■ **BRIEF**
Scan the records below for the word "proof". Copy each line where it appears.

■ **RECORDS TO USE**
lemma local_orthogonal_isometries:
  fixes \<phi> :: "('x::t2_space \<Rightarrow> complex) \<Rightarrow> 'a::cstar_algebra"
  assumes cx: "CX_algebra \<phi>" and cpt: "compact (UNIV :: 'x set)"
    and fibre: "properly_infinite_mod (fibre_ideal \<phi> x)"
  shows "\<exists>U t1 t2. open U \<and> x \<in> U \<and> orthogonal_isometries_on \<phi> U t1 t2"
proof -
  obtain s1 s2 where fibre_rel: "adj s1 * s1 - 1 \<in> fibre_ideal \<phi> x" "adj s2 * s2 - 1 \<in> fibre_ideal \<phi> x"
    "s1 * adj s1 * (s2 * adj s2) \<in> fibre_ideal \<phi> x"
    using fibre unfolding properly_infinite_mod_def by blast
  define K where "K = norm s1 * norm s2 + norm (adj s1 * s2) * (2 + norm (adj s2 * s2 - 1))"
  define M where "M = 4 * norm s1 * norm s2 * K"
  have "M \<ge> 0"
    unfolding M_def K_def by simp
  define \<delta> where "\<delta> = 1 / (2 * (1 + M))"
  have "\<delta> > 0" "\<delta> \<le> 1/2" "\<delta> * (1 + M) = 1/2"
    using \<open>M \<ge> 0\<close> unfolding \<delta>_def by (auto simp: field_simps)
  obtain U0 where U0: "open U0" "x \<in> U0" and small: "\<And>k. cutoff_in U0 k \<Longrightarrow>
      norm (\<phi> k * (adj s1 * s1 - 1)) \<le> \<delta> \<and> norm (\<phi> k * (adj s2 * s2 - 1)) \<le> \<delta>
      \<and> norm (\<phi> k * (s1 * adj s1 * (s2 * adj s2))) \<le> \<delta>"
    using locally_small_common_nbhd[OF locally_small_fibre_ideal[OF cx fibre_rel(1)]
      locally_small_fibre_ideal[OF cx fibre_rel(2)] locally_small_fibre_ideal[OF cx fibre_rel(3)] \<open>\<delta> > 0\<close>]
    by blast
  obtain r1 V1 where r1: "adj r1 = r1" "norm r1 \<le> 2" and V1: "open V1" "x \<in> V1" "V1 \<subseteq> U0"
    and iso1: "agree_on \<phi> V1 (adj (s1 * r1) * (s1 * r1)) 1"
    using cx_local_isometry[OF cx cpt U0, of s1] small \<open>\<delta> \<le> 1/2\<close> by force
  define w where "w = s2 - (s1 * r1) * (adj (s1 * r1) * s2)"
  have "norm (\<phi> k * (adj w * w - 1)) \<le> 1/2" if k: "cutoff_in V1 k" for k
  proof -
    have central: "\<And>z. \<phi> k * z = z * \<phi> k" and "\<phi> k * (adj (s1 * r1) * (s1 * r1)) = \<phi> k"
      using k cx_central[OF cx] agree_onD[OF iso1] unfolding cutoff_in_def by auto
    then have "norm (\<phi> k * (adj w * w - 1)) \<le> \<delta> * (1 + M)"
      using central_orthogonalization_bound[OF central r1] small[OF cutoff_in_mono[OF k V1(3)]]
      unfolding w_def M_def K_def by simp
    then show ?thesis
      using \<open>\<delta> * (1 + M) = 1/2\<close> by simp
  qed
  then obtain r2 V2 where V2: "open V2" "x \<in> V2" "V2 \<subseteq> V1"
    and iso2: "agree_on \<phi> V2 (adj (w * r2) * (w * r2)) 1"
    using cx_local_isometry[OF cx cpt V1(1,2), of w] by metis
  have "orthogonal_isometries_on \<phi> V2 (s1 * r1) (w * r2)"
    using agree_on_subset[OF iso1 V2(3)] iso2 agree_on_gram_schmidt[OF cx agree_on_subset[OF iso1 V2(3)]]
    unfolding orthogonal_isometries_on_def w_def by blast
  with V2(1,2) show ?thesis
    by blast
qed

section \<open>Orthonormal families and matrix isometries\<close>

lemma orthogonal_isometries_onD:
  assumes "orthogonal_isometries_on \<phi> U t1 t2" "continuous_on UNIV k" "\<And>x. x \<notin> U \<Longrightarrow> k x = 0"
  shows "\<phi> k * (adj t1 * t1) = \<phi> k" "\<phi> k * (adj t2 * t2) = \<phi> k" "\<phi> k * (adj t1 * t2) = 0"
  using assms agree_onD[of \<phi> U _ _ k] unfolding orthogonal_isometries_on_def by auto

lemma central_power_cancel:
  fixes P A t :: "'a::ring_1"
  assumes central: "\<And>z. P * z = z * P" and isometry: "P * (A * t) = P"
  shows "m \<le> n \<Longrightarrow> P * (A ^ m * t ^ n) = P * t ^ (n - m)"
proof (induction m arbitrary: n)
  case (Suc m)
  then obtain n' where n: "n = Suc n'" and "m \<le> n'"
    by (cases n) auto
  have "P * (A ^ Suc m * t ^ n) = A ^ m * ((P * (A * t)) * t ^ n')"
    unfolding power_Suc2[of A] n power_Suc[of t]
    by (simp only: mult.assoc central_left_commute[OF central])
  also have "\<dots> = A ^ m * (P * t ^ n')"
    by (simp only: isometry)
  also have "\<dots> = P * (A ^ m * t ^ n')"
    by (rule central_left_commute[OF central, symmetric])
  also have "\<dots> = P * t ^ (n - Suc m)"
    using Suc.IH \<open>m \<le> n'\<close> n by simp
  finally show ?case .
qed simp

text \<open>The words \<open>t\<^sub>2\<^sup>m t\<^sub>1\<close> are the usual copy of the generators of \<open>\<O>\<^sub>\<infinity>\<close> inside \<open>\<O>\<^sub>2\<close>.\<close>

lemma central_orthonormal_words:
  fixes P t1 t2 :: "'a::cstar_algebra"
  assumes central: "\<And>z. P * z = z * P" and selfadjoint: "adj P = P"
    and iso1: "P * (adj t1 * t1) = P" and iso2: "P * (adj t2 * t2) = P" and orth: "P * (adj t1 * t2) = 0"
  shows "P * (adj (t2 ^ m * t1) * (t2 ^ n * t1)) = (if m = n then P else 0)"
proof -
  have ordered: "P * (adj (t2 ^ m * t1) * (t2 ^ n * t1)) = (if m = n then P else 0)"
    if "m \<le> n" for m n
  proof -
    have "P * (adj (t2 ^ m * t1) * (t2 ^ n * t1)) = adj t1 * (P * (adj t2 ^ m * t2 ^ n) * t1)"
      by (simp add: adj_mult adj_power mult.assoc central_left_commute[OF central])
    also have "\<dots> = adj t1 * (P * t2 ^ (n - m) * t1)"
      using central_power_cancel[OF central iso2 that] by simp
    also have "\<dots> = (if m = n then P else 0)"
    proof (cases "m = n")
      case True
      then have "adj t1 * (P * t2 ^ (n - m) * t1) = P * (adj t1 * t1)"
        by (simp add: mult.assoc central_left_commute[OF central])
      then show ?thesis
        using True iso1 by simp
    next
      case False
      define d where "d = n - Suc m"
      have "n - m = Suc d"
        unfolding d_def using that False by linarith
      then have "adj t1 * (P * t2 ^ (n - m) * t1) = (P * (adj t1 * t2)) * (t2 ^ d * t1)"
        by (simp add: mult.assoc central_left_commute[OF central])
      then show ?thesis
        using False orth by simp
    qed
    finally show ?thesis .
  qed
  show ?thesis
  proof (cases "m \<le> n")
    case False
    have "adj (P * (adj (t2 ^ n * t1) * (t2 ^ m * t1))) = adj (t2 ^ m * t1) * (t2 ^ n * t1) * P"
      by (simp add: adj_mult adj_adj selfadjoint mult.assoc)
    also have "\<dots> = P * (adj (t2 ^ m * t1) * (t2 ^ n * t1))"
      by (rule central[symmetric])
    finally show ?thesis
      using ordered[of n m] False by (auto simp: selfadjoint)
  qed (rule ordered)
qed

■ **FINAL ANSWER**
proof -
  proof -
proof (induction m arbitrary: n)
proof -
  proof -
    proof (cases "m = n")
  proof (cases "m \<le> n")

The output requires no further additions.